Using decorative finger painting and scraping techniques, Namok’s art is her interpretation of the lush landscape that surrounds her throughout the seasons: the sun, the sea, lagoons and bamboo thickets, tropical rain from morning to evening. She also includes clan designs from her community.
Her latest exhibition showcases 28 new paintings, all created during lockdown in 2020. The paintings tend towards the lighter side of the colour spectrum, bringing a soft playfulness, and vary from smaller to large-scale works.
“These paintings for me have a sense of colour that radiates a freshness and love for that coastal Queensland environment,” says David Wroth, director of Japingka Aboriginal Art. “She has these unusual pink and orange tonal values in some of those big landscapes, when we’re accustomed to the deeper blue vision of the sea and the beach. Then you get all the light interplays at different times of the day where the ocean and the clouds become a reflector of different types of light, and I think that’s what Rosella is bringing that’s so distinctive from anything else.”

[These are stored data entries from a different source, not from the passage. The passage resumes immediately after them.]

text \<open>By homogeneity, a spectral norm bound K bounds the amplification of every vector.\<close>
lemma L2_set_apply_le_spec_norm_on_mult:
  fixes H :: "'i \<Rightarrow> 'i \<Rightarrow> real"
  assumes fin: "finite S" and sp: "spec_norm_on S H \<le> K"
  shows "L2_set (\<lambda>i. \<Sum>j\<in>S. H i j * e j) S \<le> K * L2_set e S"
proof (cases "L2_set e S = 0")
  case True
  hence "\<forall>i\<in>S. (\<Sum>j\<in>S. H i j * e j) = 0" using L2_set_eq_0_iff[OF fin] by simp
  thus ?thesis using True by (simp add: L2_set_0')
next
  case False
  define r where "r = L2_set e S"
  have r: "r > 0" using False L2_set_nonneg[of e S] unfolding r_def by linarith
  have "L2_set (\<lambda>j. e j * (1/r)) S = 1"
    using L2_set_left_distrib[of "1/r" e S] r by (simp add: r_def)
  hence "L2_set (\<lambda>i. \<Sum>j\<in>S. H i j * (e j * (1/r))) S \<le> K"
    using L2_set_apply_le_spec_norm_on[where u = "\<lambda>j. e j * (1/r)" and H = H and S = S] sp by simp
  moreover have "L2_set (\<lambda>i. \<Sum>j\<in>S. H i j * (e j * (1/r))) S
                 = L2_set (\<lambda>i. \<Sum>j\<in>S. H i j * e j) S / r"
    using L2_set_left_distrib[of "1/r" "\<lambda>i. \<Sum>j\<in>S. H i j * e j" S] r
    by (simp add: sum_distrib_right sum_divide_distrib mult_ac)
  ultimately show ?thesis using r by (simp add: r_def divide_le_eq mult.commute)
qed

lemma L2_set_component_le_norm:
  fixes x :: "real ^ 'n"
  shows "L2_set (\<lambda>i. x $ i) S \<le> norm x"
proof -
  have "(\<Sum>i\<in>S. (x $ i)\<^sup>2) \<le> (\<Sum>i\<in>UNIV. (x $ i)\<^sup>2)" by (rule sum_mono2) auto
  thus ?thesis unfolding L2_set_def norm_vec_def by simp
qed

lemma transpose_mult_component:
  fixes A :: "real ^ 'n ^ 'm"
  shows "(transpose A *v u) $ i = column i A \<bullet> u"
  by (simp add: matrix_vector_mult_def transpose_def column_def inner_vec_def mult.commute)

lemma abs_add_ge_sgn_mult: "\<bar>(x::real) + h\<bar> - \<bar>x\<bar> \<ge> sgn x * h"
  by (cases "x > 0"; cases "x < 0") (auto simp: sgn_if abs_if)

text \<open>An exact dual certificate: the optimality condition of (P2) at x0,
  i.e. w - x0/\<alpha> lies in the subdifferential of the l1 norm at x0.\<close>
definition dual_certificate :: "real \<Rightarrow> real ^ 'n \<Rightarrow> real ^ 'n \<Rightarrow> bool" where
  "dual_certificate \<alpha> x0 w \<longleftrightarrow>
     (\<forall>i\<in>supp_vec x0. w $ i = sgn (x0 $ i) + x0 $ i / \<alpha>) \<and>
     (\<forall>i\<in>- supp_vec x0. \<bar>w $ i\<bar> \<le> 1)"
(* Let $B$ be a finite skew brace, regarded as a q-cycle set via $a\cdot b:=\lambda_{a^-}(b)$ and $a:b:=\delta_{a^-}(b)$, and let $X$ be an indecomposable sub-q-cycle set of $B$. Then: (1) for $x\in X$, we have $B=B(x)$ if and only if $X$ is a transitive cycle base of $B$ and $\langle x\rangle = X$; (2) $B=B(x)$ for all $x\in X$ if and only if $X$ is a transitive cycle base of $B$ and $X$ is irreducible.
   Context: A skew brace is a triple $(B,+,\circ)$ where $(B,+)$ and $(B,\circ)$ are groups and $a\circ(b+c)=a\circ b-a+a\circ c$ for all $a,b,c\in B$; $-a$ and $a^-$ denote the inverses of $a$ in $(B,+)$ and $(B,\circ)$. For $a\in B$ put $\lambda_a(b):=-a+a\circ b$ and $\delta_a(b):=a\circ b-a$. A sub-skew brace is a subset that is a subgroup of both $(B,+)$ and $(B,\circ)$; $B(x)$ denotes the smallest sub-skew brace of $B$ containing $x$. A q-cycle set is a non-empty set $X$ with binary operations $\cdot$ and $:$ such that each map $\sigma_x:y\mapsto x\cdot y$ is bijective and, for all $x,y,z$: $(x\cdot y)\cdot(x\cdot z)=(y:x)\cdot(y\cdot z)$, $(x:y):(x:z)=(y\cdot x):(y:z)$, $(x\cdot y):(x\cdot z)=(y:x)\cdot(y:z)$. Write $\delta_x(y):=x:y$ (for the skew brace $B$, the q-cycle set maps are $\sigma_a=\lambda_{a^-}$ and $\delta_{a^-}$). A sub-q-cycle set is a subset that is again a q-cycle set under the restricted operations (the empty set also counts as one). For $S\subseteq X$, $\langle S\rangle$ is the intersection of all sub-q-cycle sets containing $S$, and $\langle x\rangle:=\langle\{x\}\rangle$. $X$ is irreducible if $\emptyset$ and $X$ are its only sub-q-cycle sets. $X$ is indecomposable if there is no partition of $X$ into two nonempty sub-q-cycle sets (for finite $X$ this is equivalent to the group generated by all $\sigma_x,\delta_x$ acting transitively on $X$). A subset $X\subseteq B$ is a cycle base of $B$ if it is a union of orbits of the subgroup of $\mathrm{Sym}(B)$ generated by $\{\lambda_a,\delta_a : a\in B\}$ and it generates $(B,+)$; it is a transitive cycle base if it is a single such orbit. *)

theory Defs
  imports "HOL-Algebra.Generated_Groups"
begin
lemma card_near_doubletons_le:
  assumes "finite U" "P \<subseteq> U" "card P = 2"
  shows "card (near_doubletons U P) \<le> 1 + 2 * (card U - 2)"
proof -
  define K where "K = (\<Union>x\<in>P. (\<lambda>c. {x, c}) ` (U - P))"
  have "near_doubletons U P \<subseteq> insert P K"
  proof
    fix T assume "T \<in> near_doubletons U P"
    then have T: "T \<subseteq> U" "card T = 2" "card (T - P) \<le> 1" by (auto simp: near_doubletons_def)
    then obtain x y where xy: "T = {x, y}" "x \<noteq> y" by (auto simp: card_2_iff)
    show "T \<in> insert P K"
    proof (cases "T \<subseteq> P")
      case True
      then have "T = P" using assms T by (intro card_subset_eq) (auto intro: finite_subset)
      then show ?thesis by simp
    next
      case False
      then have "x \<notin> P \<or> y \<notin> P" using xy by auto
      moreover have "\<not> (x \<notin> P \<and> y \<notin> P)"
      proof
        assume "x \<notin> P \<and> y \<notin> P"
        then have "T - P = T" using xy by auto
        then show False using T by auto
      qed
      ultimately have "(x \<in> P \<and> y \<in> U - P) \<or> (y \<in> P \<and> x \<in> U - P)" using T xy by auto
      then show ?thesis using xy by (auto simp: K_def insert_commute)
    qed
  qed
  moreover have "finite K" using assms by (simp add: K_def finite_subset)
  ultimately have "card (near_doubletons U P) \<le> card (insert P K)"
    by (intro card_mono) auto
  also have "\<dots> \<le> 1 + card K" using \<open>finite K\<close> by (simp add: card_insert_if)
  also have "card K \<le> (\<Sum>x\<in>P. card ((\<lambda>c. {x, c}) ` (U - P)))"
    unfolding K_def using assms by (intro card_UN_le) (auto intro: finite_subset)
  also have "\<dots> \<le> (\<Sum>x\<in>P. card (U - P))" by (intro sum_mono card_image_le) (simp add: assms)
  also have "\<dots> = 2 * (card U - 2)" using assms by (simp add: card_Diff_subset finite_subset)
  finally show ?thesis by simp
qed

locale down_closed_anticode =
  fixes n :: nat and F :: "(nat \<times> nat set) set"
  assumes subset_star_pairs: "F \<subseteq> star_pairs n"
    and down_closed: "down_closed F"
    and diameter: "star_diameter_at_most F 4"
begin

lemma memD:
  assumes "(q, T) \<in> F"
  shows "q < n" "T \<subseteq> {..<n} - {q}" "finite T"
  using star_pairsD[of q T n] assms subset_star_pairs by auto

lemma mem_subset: "(p, S) \<in> F \<Longrightarrow> T \<subseteq> S \<Longrightarrow> (p, T) \<in> F"
  using down_closed_subset[OF down_closed] memD(3) by blast

lemma dist_le: "x \<in> F \<Longrightarrow> y \<in> F \<Longrightarrow> star_dist x y \<le> 4"
  using diameter by (simp add: star_diameter_at_most_def)

lemma finite_F: "finite F"
  using subset_star_pairs finite_star_pairs by (rule finite_subset)

lemma card_at_most_one_ones: "card {x \<in> F. card (snd x) \<le> 1} \<le> n * n"
proof -
  have "{x \<in> F. card (snd x) \<le> 1} \<subseteq> (\<lambda>(q, c). (q, {c} - {q})) ` ({..<n} \<times> {..<n})"
  proof
    fix x assume x: "x \<in> {x \<in> F. card (snd x) \<le> 1}"
    obtain q T where qT: "x = (q, T)" by fastforce
    note T = memD[of q T]
    consider "T = {}" | c where "T = {c}"
      using x qT T(3) by (auto simp: card_le_Suc0_iff_eq)
    then show "x \<in> (\<lambda>(q, c). (q, {c} - {q})) ` ({..<n} \<times> {..<n})"
    proof cases
      case 1
      then show ?thesis using x qT T(1) by (intro image_eqI[of _ _ "(q, q)"]) auto
    next
      case (2 c)
      then show ?thesis using x qT T(1,2) by (intro image_eqI[of _ _ "(q, c)"]) auto
    qed
  qed
  then have "card {x \<in> F. card (snd x) \<le> 1} \<le> card ((\<lambda>(q, c). (q, {c} - {q})) ` ({..<n} \<times> {..<n}))"
    by (intro card_mono) auto
  also have "\<dots> \<le> n * n" using card_image_le[of "{..<n} \<times> {..<n}"] by (simp add: card_cartesian_product)
  finally show ?thesis .
qed

lemma card_Diff_le_one_if_same_star:
  assumes pS: "(p, S) \<in> F" "card S = 3" and pT: "(p, T) \<in> F"
  shows "card (T - S) \<le> 1"
proof (rule ccontr)
  assume "\<not> card (T - S) \<le> 1"
  moreover have "finite (T - S)" using memD(3)[OF pT] by simp
  ultimately obtain c d where cd: "c \<in> T - S" "d \<in> T - S" "c \<noteq> d"
    by (auto simp: card_le_Suc0_iff_eq)
  then have "(p, {c, d}) \<in> F" using mem_subset[OF pT] by auto
  then have "star_dist (p, {c, d}) (p, S) \<le> 4" using dist_le pS(1) by blast
  moreover have "sym_diff {c, d} S = {c, d} \<union> S" using cd by auto
  moreover have "card ({c, d} \<union> S) = 5"
    using cd pS(2) memD(3)[OF pS(1)] by (subst card_Un_disjoint) auto
  ultimately show False by simp
qed

lemma other_star_if_large:
  assumes pS: "(p, S) \<in> F" "card S = 3" and qT: "(q, T) \<in> F" "q \<noteq> p"
  shows "q \<in> S" "T \<subseteq> insert p S"
proof -
  have finS: "finite S" and pS': "p \<notin> S" using memD[OF pS(1)] by auto
  have "(q, {}) \<in> F" using mem_subset[OF qT(1)] by simp
  then have "star_dist (q, {}) (p, S) \<le> 4" using dist_le pS(1) by blast
  then have "card (S - {q, p}) \<le> 2" using qT(2) by simp
  moreover have "S - {q, p} = S - {q}" using pS' by auto
  ultimately show qS: "q \<in> S" using pS(2) by (cases "q \<in> S") auto
  show "T \<subseteq> insert p S"
  proof
    fix c assume cT: "c \<in> T"
    show "c \<in> insert p S"
    proof (rule ccontr)
      assume c: "c \<notin> insert p S"
      have "c \<noteq> q" using memD(2)[OF qT(1)] cT by auto
      have "(q, {c}) \<in> F" using mem_subset[OF qT(1)] cT by simp
      then have "star_dist (q, {c}) (p, S) \<le> 4" using dist_le pS(1) by blast
      moreover have "sym_diff {c} S - {q, p} = insert c (S - {q})" using c \<open>c \<noteq> q\<close> pS' by auto
      moreover have "card (insert c (S - {q})) = 3" using c qS finS pS(2) by simp
      ultimately show False using qT(2) by simp
    qed
  qed
qed

lemma card_le_if_three_ones:
  assumes "(p, S) \<in> F" "3 \<le> card S"
  shows "card F \<le> 8 * (n + 1) + 48"
proof -
  obtain S0 where S0: "S0 \<subseteq> S" "card S0 = 3" using obtain_subset_with_card_n[OF assms(2)] by metis
  have pS0: "(p, S0) \<in> F" using mem_subset[OF assms(1) S0(1)] .
  have finS0: "finite S0" and pS0': "p \<notin> S0" using memD[OF pS0] by auto
  define Q where "Q = {T. T \<subseteq> {..<n} \<and> card (T - S0) \<le> 1}"
  have "F \<subseteq> ({p} \<times> Q) \<union> (S0 \<times> Pow (insert p S0))"
  proof
    fix x assume x: "x \<in> F"
    obtain q T where qT: "x = (q, T)" by fastforce
    show "x \<in> ({p} \<times> Q) \<union> (S0 \<times> Pow (insert p S0))"
    proof (cases "q = p")
      case True
      then show ?thesis
        using x qT card_Diff_le_one_if_same_star[OF pS0 S0(2)] memD(2)[of q T] by (auto simp: Q_def)
    next
      case False
      then show ?thesis using x qT other_star_if_large[OF pS0 S0(2)] by auto
    qed
  qed
  moreover have "finite Q" by (rule finite_subset[of _ "Pow {..<n}"]) (auto simp: Q_def)
  ultimately have "card F \<le> card (({p} \<times> Q) \<union> (S0 \<times> Pow (insert p S0)))"
    using finS0 by (intro card_mono) auto
  also have "\<dots> \<le> card ({p} \<times> Q) + card (S0 \<times> Pow (insert p S0))" by (rule card_Un_le)
  also have "card ({p} \<times> Q) \<le> 8 * (n + 1)"
    using card_near_subsets_le[OF finS0, of n] S0(2) by (simp add: Q_def card_cartesian_product)
  also have "card (S0 \<times> Pow (insert p S0)) = 48"
    using S0(2) finS0 pS0' by (simp add: card_cartesian_product card_Pow)
  finally show ?thesis by simp
qed

lemma subset_if_star_outside_doubleton:
  assumes pab: "(p, {a, b}) \<in> F" "a \<noteq> b" and qT: "(q, T) \<in> F" "q \<notin> {p, a, b}"
  shows "T \<subseteq> {a, b, p}"
proof
  fix c assume cT: "c \<in> T"
  show "c \<in> {a, b, p}"
  proof (rule ccontr)
    assume c: "c \<notin> {a, b, p}"
    have "c \<noteq> q" using memD(2)[OF qT(1)] cT by auto
    have "(q, {c}) \<in> F" using mem_subset[OF qT(1)] cT by simp
    then have "star_dist (q, {c}) (p, {a, b}) \<le> 4" using dist_le pab(1) by blast
    moreover have "sym_diff {c} {a, b} - {q, p} = {c, a, b}"
      using c \<open>c \<noteq> q\<close> qT(2) memD(2)[OF pab(1)] by auto
    moreover have "card {c, a, b} = 3" using c pab(2) by simp
    ultimately show False using qT(2) by simp
  qed
qed

lemma card_Diff_le_one_if_star_in_doubleton:
  assumes prs: "(p, {r, s}) \<in> F" "r \<noteq> s" and rT: "(r, T) \<in> F"
  shows "card (T - {p, s}) \<le> 1"
proof (rule ccontr)
  assume "\<not> card (T - {p, s}) \<le> 1"
  moreover have "finite (T - {p, s})" using memD(3)[OF rT] by simp
  ultimately obtain c d where cd: "c \<in> T - {p, s}" "d \<in> T - {p, s}" "c \<noteq> d"
    by (auto simp: card_le_Suc0_iff_eq)
  have "c \<noteq> r" "d \<noteq> r" using memD(2)[OF rT] cd by auto
  have "r \<noteq> p" using memD(2)[OF prs(1)] by auto
  have "(r, {c, d}) \<in> F" using mem_subset[OF rT] cd by auto
  then have "star_dist (r, {c, d}) (p, {r, s}) \<le> 4" using dist_le prs(1) by blast
  moreover have "sym_diff {c, d} {r, s} - {r, p} = {s, c, d}"
    using cd \<open>c \<noteq> r\<close> \<open>d \<noteq> r\<close> prs(2) memD(2)[OF prs(1)] by auto
  moreover have "card {s, c, d} = 3" using cd by auto
  ultimately show False using \<open>r \<noteq> p\<close> by simp
qed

There is also a sense of kinship in the paintings—two in this exhibition are titled Two Brothers and Three Sisters, featuring repeated patterns side by side. “Sometimes the abstract imagery is about family connection and community connection,” Wroth says. “Rosella overlays that on top of the other images, which represent Country and that coastal part of Northern Queensland, but there’s something else going on, which is about clan connection in Indigenous communities.”